#### The problem:
Those lines of the data that hold the word "subseteq" are to be copied out.

#### Records for the exercise:
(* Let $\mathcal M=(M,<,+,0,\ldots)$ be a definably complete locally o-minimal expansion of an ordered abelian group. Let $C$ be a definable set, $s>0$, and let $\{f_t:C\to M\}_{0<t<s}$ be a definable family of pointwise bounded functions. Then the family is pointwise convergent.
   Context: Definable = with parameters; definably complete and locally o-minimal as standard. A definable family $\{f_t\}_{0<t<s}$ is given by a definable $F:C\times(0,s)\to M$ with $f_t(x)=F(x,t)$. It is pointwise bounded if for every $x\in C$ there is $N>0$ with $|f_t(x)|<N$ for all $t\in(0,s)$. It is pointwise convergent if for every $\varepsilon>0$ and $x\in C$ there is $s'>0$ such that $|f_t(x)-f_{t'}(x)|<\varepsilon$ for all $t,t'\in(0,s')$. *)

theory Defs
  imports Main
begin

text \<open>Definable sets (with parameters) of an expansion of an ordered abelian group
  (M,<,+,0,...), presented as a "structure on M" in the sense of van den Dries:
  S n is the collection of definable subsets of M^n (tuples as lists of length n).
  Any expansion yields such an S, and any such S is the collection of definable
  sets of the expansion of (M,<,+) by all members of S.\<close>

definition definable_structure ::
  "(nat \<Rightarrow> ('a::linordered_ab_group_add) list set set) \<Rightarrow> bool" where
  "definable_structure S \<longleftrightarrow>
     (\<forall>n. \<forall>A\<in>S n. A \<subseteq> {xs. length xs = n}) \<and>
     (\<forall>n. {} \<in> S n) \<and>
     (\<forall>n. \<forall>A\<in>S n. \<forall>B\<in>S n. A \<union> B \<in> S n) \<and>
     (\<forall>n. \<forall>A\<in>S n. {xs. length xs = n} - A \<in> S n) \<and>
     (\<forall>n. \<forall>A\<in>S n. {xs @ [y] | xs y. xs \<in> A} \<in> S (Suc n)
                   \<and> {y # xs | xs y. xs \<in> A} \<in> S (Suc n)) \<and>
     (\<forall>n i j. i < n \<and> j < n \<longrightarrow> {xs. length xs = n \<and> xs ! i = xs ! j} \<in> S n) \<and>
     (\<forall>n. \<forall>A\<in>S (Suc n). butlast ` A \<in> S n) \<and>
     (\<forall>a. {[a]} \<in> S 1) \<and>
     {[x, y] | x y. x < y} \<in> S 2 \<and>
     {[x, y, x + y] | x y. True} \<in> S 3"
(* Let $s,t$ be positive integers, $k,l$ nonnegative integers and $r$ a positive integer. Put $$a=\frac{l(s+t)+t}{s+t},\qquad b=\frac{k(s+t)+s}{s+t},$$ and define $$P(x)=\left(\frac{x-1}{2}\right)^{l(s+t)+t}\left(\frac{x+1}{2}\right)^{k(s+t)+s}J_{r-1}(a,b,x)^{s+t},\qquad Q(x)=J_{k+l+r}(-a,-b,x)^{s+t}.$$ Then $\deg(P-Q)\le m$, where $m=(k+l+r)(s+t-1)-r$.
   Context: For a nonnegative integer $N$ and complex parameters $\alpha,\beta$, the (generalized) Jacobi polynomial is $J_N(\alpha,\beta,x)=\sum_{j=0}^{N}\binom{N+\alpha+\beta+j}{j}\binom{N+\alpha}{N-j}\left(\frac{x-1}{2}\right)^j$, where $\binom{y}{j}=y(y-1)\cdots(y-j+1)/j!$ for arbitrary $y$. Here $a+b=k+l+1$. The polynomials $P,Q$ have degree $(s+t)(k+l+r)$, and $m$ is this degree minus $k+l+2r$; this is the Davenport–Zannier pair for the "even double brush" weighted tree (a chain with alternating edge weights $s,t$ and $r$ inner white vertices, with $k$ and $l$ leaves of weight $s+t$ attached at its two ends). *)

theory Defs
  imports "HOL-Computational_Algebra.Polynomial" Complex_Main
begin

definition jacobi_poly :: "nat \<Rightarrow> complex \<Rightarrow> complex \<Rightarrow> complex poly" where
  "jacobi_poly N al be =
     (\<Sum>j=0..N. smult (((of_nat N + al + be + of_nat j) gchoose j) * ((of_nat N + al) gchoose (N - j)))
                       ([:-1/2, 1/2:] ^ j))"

--

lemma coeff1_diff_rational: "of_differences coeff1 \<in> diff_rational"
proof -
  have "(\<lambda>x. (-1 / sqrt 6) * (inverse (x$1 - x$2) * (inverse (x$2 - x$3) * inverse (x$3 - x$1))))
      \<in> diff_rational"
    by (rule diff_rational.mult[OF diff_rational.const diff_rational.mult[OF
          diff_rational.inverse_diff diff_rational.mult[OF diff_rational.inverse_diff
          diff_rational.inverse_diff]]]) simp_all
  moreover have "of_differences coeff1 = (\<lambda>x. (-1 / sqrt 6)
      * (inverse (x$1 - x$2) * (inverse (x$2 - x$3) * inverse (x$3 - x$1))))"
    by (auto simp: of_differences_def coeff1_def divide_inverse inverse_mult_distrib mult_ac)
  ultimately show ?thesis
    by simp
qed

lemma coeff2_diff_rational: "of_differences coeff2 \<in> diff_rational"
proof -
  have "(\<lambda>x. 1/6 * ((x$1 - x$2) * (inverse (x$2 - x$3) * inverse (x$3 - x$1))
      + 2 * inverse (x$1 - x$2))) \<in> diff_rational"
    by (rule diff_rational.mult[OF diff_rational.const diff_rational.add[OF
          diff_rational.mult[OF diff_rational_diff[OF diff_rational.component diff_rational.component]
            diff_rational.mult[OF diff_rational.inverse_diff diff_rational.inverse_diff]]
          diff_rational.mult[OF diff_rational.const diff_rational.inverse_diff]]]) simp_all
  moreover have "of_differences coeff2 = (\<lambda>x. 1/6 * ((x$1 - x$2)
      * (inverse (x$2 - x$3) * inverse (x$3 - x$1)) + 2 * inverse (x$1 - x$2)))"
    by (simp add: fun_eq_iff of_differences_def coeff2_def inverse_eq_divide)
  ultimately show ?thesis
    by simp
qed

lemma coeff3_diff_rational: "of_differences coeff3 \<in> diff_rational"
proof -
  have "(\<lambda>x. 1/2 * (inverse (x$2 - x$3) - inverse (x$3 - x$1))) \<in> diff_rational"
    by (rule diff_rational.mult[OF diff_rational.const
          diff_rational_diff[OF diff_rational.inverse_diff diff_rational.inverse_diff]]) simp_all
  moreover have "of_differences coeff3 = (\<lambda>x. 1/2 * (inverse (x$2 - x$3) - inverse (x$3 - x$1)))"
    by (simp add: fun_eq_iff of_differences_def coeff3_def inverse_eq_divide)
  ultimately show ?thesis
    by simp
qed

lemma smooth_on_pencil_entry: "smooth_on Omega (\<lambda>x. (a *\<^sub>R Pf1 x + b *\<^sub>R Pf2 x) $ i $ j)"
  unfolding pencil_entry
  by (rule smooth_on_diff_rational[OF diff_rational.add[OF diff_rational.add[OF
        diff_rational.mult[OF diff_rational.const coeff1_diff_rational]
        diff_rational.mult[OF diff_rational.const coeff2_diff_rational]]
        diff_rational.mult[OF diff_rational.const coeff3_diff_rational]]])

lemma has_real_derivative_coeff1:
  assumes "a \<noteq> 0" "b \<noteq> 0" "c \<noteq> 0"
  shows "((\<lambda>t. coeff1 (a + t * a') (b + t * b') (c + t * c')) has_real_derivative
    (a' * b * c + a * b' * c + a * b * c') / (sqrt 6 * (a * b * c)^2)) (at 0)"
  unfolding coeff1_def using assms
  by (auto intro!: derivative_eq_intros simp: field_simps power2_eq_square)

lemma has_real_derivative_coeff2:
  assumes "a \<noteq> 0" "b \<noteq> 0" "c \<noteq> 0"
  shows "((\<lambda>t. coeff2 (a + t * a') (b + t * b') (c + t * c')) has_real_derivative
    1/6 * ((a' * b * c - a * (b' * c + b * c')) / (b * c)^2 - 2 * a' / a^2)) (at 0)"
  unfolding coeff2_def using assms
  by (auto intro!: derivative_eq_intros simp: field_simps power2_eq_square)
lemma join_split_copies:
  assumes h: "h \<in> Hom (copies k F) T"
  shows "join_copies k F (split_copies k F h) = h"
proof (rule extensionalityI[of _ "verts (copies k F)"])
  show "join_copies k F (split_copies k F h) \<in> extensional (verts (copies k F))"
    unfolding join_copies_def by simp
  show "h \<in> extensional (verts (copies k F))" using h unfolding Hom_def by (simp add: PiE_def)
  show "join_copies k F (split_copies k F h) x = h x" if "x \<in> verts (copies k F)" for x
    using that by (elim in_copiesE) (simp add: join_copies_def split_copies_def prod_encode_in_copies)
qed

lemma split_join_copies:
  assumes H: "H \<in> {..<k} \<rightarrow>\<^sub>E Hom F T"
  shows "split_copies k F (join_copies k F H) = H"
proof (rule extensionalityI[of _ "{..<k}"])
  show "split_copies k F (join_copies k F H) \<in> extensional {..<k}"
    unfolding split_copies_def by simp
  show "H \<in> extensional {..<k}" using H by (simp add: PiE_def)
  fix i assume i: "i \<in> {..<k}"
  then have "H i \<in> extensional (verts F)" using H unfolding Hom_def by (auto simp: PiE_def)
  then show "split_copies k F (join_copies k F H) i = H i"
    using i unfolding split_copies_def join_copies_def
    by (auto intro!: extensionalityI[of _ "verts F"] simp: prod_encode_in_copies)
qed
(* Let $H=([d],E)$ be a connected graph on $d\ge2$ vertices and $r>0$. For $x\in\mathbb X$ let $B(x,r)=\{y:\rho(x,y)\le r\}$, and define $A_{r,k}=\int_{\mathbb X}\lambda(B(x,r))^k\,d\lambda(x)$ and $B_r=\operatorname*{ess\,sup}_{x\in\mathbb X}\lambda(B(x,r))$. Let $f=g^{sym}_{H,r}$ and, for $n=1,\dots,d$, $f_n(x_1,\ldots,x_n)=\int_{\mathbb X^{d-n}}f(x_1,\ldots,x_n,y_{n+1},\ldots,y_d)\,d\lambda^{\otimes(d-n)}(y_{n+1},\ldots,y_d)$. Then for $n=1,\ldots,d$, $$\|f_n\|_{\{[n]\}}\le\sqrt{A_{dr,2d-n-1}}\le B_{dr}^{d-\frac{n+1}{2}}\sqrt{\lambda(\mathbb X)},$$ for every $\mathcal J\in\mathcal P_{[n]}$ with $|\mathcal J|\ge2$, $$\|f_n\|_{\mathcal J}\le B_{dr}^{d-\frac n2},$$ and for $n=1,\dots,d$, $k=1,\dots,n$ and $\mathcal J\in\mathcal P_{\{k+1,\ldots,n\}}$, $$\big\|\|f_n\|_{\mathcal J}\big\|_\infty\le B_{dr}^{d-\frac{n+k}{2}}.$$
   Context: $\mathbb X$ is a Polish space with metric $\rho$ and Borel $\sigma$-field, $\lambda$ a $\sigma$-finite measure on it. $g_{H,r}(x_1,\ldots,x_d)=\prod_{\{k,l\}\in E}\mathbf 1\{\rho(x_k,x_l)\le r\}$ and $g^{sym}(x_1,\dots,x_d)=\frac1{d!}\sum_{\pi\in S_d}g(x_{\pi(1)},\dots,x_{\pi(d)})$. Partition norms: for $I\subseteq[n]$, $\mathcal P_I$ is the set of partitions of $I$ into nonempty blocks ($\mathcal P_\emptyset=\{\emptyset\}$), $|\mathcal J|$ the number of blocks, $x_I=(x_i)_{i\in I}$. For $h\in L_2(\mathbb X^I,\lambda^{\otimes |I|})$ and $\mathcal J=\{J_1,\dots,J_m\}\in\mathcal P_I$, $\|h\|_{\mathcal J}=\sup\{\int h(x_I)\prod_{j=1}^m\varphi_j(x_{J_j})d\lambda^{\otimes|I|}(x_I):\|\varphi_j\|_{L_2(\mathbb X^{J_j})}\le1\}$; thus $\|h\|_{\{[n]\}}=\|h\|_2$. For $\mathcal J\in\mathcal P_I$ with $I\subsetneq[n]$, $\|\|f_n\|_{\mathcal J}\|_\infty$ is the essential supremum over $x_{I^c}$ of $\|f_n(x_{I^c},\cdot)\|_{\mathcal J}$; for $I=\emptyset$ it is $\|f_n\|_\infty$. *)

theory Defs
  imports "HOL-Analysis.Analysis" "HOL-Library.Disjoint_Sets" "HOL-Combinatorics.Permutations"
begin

#### Solution to this task:
     (\<forall>n. \<forall>A\<in>S n. A \<subseteq> {xs. length xs = n}) \<and>
   Context: $\mathbb X$ is a Polish space with metric $\rho$ and Borel $\sigma$-field, $\lambda$ a $\sigma$-finite measure on it. $g_{H,r}(x_1,\ldots,x_d)=\prod_{\{k,l\}\in E}\mathbf 1\{\rho(x_k,x_l)\le r\}$ and $g^{sym}(x_1,\dots,x_d)=\frac1{d!}\sum_{\pi\in S_d}g(x_{\pi(1)},\dots,x_{\pi(d)})$. Partition norms: for $I\subseteq[n]$, $\mathcal P_I$ is the set of partitions of $I$ into nonempty blocks ($\mathcal P_\emptyset=\{\emptyset\}$), $|\mathcal J|$ the number of blocks, $x_I=(x_i)_{i\in I}$. For $h\in L_2(\mathbb X^I,\lambda^{\otimes |I|})$ and $\mathcal J=\{J_1,\dots,J_m\}\in\mathcal P_I$, $\|h\|_{\mathcal J}=\sup\{\int h(x_I)\prod_{j=1}^m\varphi_j(x_{J_j})d\lambda^{\otimes|I|}(x_I):\|\varphi_j\|_{L_2(\mathbb X^{J_j})}\le1\}$; thus $\|h\|_{\{[n]\}}=\|h\|_2$. For $\mathcal J\in\mathcal P_I$ with $I\subsetneq[n]$, $\|\|f_n\|_{\mathcal J}\|_\infty$ is the essential supremum over $x_{I^c}$ of $\|f_n(x_{I^c},\cdot)\|_{\mathcal J}$; for $I=\emptyset$ it is $\|f_n\|_\infty$. *)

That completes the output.